Maybe it’s the fact that my oldest son is the age that I was when I moved there, maybe it’s the fact that I’ve been possessed by wanderlust lately, but I can’t get Ethiopia out of my mind.  I dream of smelling eucalyptus trees, waking up at night to the sound of rain pounding on metal roofs, and seeing tukuls dotting the mountainous landscape.  I also dream of having the freedom to travel to places I wasn’t able to see while I lived there due to travel restrictions imposed by war.

I lived in Addis Ababa from 1980 to 1983, while I was in middle school.  During that time, Ethiopia was ruled by a communist dictatorship and was in the throes of a civil war.  Due to a combination of drought and twisted political machinations, Ethiopia was also facing one of the worst famines in modern history.

I went to the International Community School.
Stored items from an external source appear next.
(* Let $(X,V)$ and $(\overline{X},\overline{V})$ be global solutions of the discrete Motsch–Tadmor model (as in the context) whose initial data satisfy \[ \max\{\|\Delta^x(0)\|_F,\|\Delta^{\overline{x}}(0)\|_F\}<M,\quad \|\Delta^v(0)\|_F<\kappa\int_{\|\Delta^x(0)\|_F}^M\psi(s)\,ds,\quad \|\Delta^{\overline{v}}(0)\|_F<\kappa\int_{\|\Delta^{\overline{x}}(0)\|_F}^M\psi(s)\,ds. \] For $i,j\in\{1,\dots,N\}$ and $n\ge0$ let \[ \mathcal{I}_1^{ij}=h\kappa\sum_{l=1}^N(\phi_{il}(n)-\overline{\phi}_{il}(n))\Delta^v_{li}(n)-h\kappa\sum_{l=1}^N(\phi_{jl}(n)-\overline{\phi}_{jl}(n))\Delta^v_{lj}(n). \] Then \[ \sum_{i,j=1}^N\|\mathcal{I}_1^{ij}\|^2\le\frac{16h^2\kappa^2L_a^2M^2}{c_1^2}\Big(1+\frac{c_2}{c_1}\Big)^2\|\Delta^v(n)\|_F^2 . \]
   Context: Discrete MT model: fix $N\ge1$, $d\ge1$, $\kappa>0$, $h>0$, and $a:[0,\infty)\to\mathbb{R}$ with constants $0<c_1\le c_2$, $c_1\le a\le c_2$, $|a(r_1)-a(r_2)|\le L_a|r_1-r_2|$ ($L_a>0$); $0<h<\min\{1,1/\kappa\}$. A solution satisfies $x_i(n+1)=x_i(n)+hv_i(n)$, $v_i(n+1)=v_i(n)+h\kappa\sum_j\phi_{ij}(n)(v_j(n)-v_i(n))$ with $\phi_{ij}(n)=\frac{a(\|x_i(n)-x_j(n)\|)}{\sum_ka(\|x_i(n)-x_k(n)\|)}$; $\overline{\phi}_{ij}(n)$ is defined likewise from $\overline{X}(n)$. Notation: $\Delta^x_{ij}=x_i-x_j$, $\Delta^v_{ij}=v_i-v_j$, similarly $\Delta^{\overline{x}},\Delta^{\overline{v}}$; $\|A\|_F=(\sum_{i,j}\|A_{ij}\|^2)^{1/2}$. Constants: $\|\phi\|_{\mathrm{Lip}}=\frac{L_a}{Nc_1}(1+\frac{c_2}{c_1})$, $M=\frac{1}{4N\|\phi\|_{\mathrm{Lip}}}$, $\psi(s)=1-\|\phi\|_{\mathrm{Lip}}Ns$. *)

theory Defs
  imports "HOL-Analysis.Analysis"
begin

text \<open>Agents are indexed by 0..N-1 (nat), positions/velocities live in real^'d.
  A trajectory is a function  nat (time step) => nat (agent) => real^'d.\<close>

definition mt_phi :: "nat \<Rightarrow> (real \<Rightarrow> real) \<Rightarrow> (nat \<Rightarrow> real^'d) \<Rightarrow> nat \<Rightarrow> nat \<Rightarrow> real" where
  "mt_phi N a y i j = a (norm (y i - y j)) / (\<Sum>k<N. a (norm (y i - y k)))"

definition mt_solution ::
  "nat \<Rightarrow> real \<Rightarrow> real \<Rightarrow> (real \<Rightarrow> real) \<Rightarrow> (nat \<Rightarrow> nat \<Rightarrow> real^'d) \<Rightarrow> (nat \<Rightarrow> nat \<Rightarrow> real^'d) \<Rightarrow> bool" where
  "mt_solution N \<kappa> h a X V \<longleftrightarrow>
     (\<forall>n i. i < N \<longrightarrow>
        X (Suc n) i = X n i + h *\<^sub>R V n i \<and>
        V (Suc n) i = V n i + (h * \<kappa>) *\<^sub>R (\<Sum>j<N. mt_phi N a (X n) i j *\<^sub>R (V n j - V n i)))"

definition frob_diff :: "nat \<Rightarrow> (nat \<Rightarrow> real^'d) \<Rightarrow> real" where
  "frob_diff N w = sqrt (\<Sum>i<N. \<Sum>j<N. (norm (w i - w j))\<^sup>2)"

definition phi_lip :: "nat \<Rightarrow> real \<Rightarrow> real \<Rightarrow> real \<Rightarrow> real" where
  "phi_lip N La c1 c2 = La / (real N * c1) * (1 + c2 / c1)"

definition Mconst :: "nat \<Rightarrow> real \<Rightarrow> real \<Rightarrow> real \<Rightarrow> real" where
  "Mconst N La c1 c2 = 1 / (4 * real N * phi_lip N La c1 c2)"

definition psi :: "nat \<Rightarrow> real \<Rightarrow> real \<Rightarrow> real \<Rightarrow> real \<Rightarrow> real" where
  "psi N La c1 c2 s = 1 - phi_lip N La c1 c2 * real N * s"

end

theory Submission
  imports Defs
begin

(* Every weight phi_il lies within ||phi||_Lip * ||Delta^x||_F of 1/N. Along a solution the
   Lyapunov functional ||Delta^v(n)||_F + kappa * Psi(||Delta^x(n)||_F), with Psi the
   antiderivative of psi, does not increase; this keeps ||Delta^x(n)||_F below M for both
   solutions, so |phi_il(n) - phibar_il(n)| <= 2 ||phi||_Lip M = 1/(2N). A Cauchy-Schwarz
   estimate then bounds the sum of the ||I_1^ij||^2 by h^2 kappa^2 ||Delta^v(n)||_F^2, which is
   the claimed bound because L_a (1 + c2/c1) M / c1 = 1/4. *)

lemma frob_diff_nonneg: "0 \<le> frob_diff N w"
  unfolding frob_diff_def by (simp add: sum_nonneg)

lemma frob_diff_sq: "(frob_diff N w)\<^sup>2 = (\<Sum>i<N. \<Sum>j<N. (norm (w i - w j))\<^sup>2)"
  unfolding frob_diff_def by (simp add: sum_nonneg)

lemma frob_diff_as_L2_set:
  "frob_diff N w = L2_set (\<lambda>p. norm (w (fst p) - w (snd p))) ({..<N} \<times> {..<N})"
  unfolding frob_diff_def L2_set_def by (simp add: sum.cartesian_product case_prod_beta)

lemma norm_diff_le_frob_diff: "i < N \<Longrightarrow> j < N \<Longrightarrow> norm (w i - w j) \<le> frob_diff N w"
  unfolding frob_diff_as_L2_set
  by (rule member_le_L2_set[where f = "\<lambda>p. norm (w (fst p) - w (snd p))" and i = "(i, j)", simplified]) auto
My best friend in sixth grade was from Palestine, her father involved with the PLO.  Her little brother, who was eight years old and in my brother’s class, had already had military training.  I also had a friend from Holland who lived with her family in the leprosy hospital where her father was a doctor.
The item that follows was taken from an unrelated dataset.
(* (i) If the coin process satisfies $\overline H(\mathbf X)=\underline H(\mathbf X)=H(\mathbf X)>0$, then for every target process $\mathbf Y$, \[R^\star_{\mathrm{int}}(\mathbf X,\mathbf Y)=R^\star(\mathbf X,\mathbf Y)=\frac{\overline H(\mathbf Y)}{H(\mathbf X)}.\] (ii) If the target process satisfies $\overline H(\mathbf Y)=\underline H(\mathbf Y)=H(\mathbf Y)$ and the coin process satisfies $\underline H(\mathbf X)>0$, then \[R^\star_{\mathrm{int}}(\mathbf X,\mathbf Y)=R^\star(\mathbf X,\mathbf Y)=\frac{H(\mathbf Y)}{\underline H(\mathbf X)}.\]
   Context: Logarithms are base 2. $\mathcal X$, $\mathcal Y$ are finite; $\mathbf X=\{X^m\}$ (coin) and $\mathbf Y=\{Y^n\}$ (target) are arbitrary processes given by consistent distributions. $\overline H(\mathbf X)=\inf\{\lambda:\lim_n\Pr(\frac1n\log\frac{1}{P_{X^n}(X^n)}\ge\lambda)=0\}$, $\underline H(\mathbf X)=\sup\{\lambda:\lim_n\Pr(\frac1n\log\frac{1}{P_{X^n}(X^n)}\le\lambda)=0\}$, $H(\mathbf X)=\limsup_n\frac1nH(X^n)$; likewise for $\mathbf Y$ (when $\overline H=\underline H$ the limit defining $H$ exists and equals them). A random number generation algorithm for $Y^n$ is a map $\phi:\bigcup_{i\ge0}\mathcal X^i\to\{\bot\}\cup\mathcal Y^n$ whose leaves (finite $s$ with $\phi(s)\in\mathcal Y^n$ and $\phi(s')=\bot$ for all proper prefixes $s'$) satisfy $\sum_{\text{leaves }s:\phi(s)=y^n}P_{X^{|s|}}(s)=P_{Y^n}(y^n)$ for all $y^n$; its stopping time is the length of the leaf reached by $X_1,X_2,\dots$ ($\infty$ if none). For algorithms $\phi_n$ generating $Y^n$ with stopping times $T_n$, $R$ is achievable if $\lim_n\Pr(T_n>nR)=0$; $R^\star$ is the infimum achievable rate over all valid algorithms and $R^\star_{\mathrm{int}}$ that for the interval algorithm. Interval algorithm: with $\mathcal X=\{1,\dots,M\}$, $\mathcal I_\bot=[0,1)$, $\mathcal I_{sx}=[\underline\alpha_s+(\overline\alpha_s-\underline\alpha_s)\sum_{k<x}P_{X_{i+1}|X^i}(k|s),\ \underline\alpha_s+(\overline\alpha_s-\underline\alpha_s)\sum_{k\le x}P_{X_{i+1}|X^i}(k|s))$ for $s\in\mathcal X^i$ with $\mathcal I_s=[\underline\alpha_s,\overline\alpha_s)$; $\mathcal J_t$ for $t\in\mathcal Y^j$ likewise from $P_{Y_{j+1}|Y^j}$; stop at the first $m$ with $\mathcal I_{X^m}\subseteq\mathcal J_{y^n}$ for some $y^n$ and output that $y^n$. *)

theory Defs
  imports "HOL-Analysis.Analysis" "HOL-Library.Sublist"
begin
My Greek friend Athena lived several houses down from mine.  We spent a lot of afternoons after school “climbing” to each other’s house atop the ten foot concrete fences that separated the houses, being careful not to cut ourselves on the broken glass-topped walls.  We sometimes forded the giant water towers that were a feature in every backyard in our neighborhood.

I could walk to school and did so occasionally, sometimes being catcalled from the back of army truckloads of young (even to my twelve-year-old eyes) Cuban soldiers.

While I lived there, I was more concerned about school and my friends than what was going on around me (probably a good thing, considering).   I’m finally starting to read about Ethiopian history.  I’m learning about the Dergue, or communist military junta that took over after Haile Selassie’s ousting.  I’m also curious about the thousands of Russian and Cuban troops stationed there in the late 70s and early 80s.

Friends of ours have just relocated to Ethiopia with their eleven-year-old daughter.  She’s going to the same school and also walks to school occasionally.  I’d like nothing more than to take that walk with her, thirty years and a civil war later.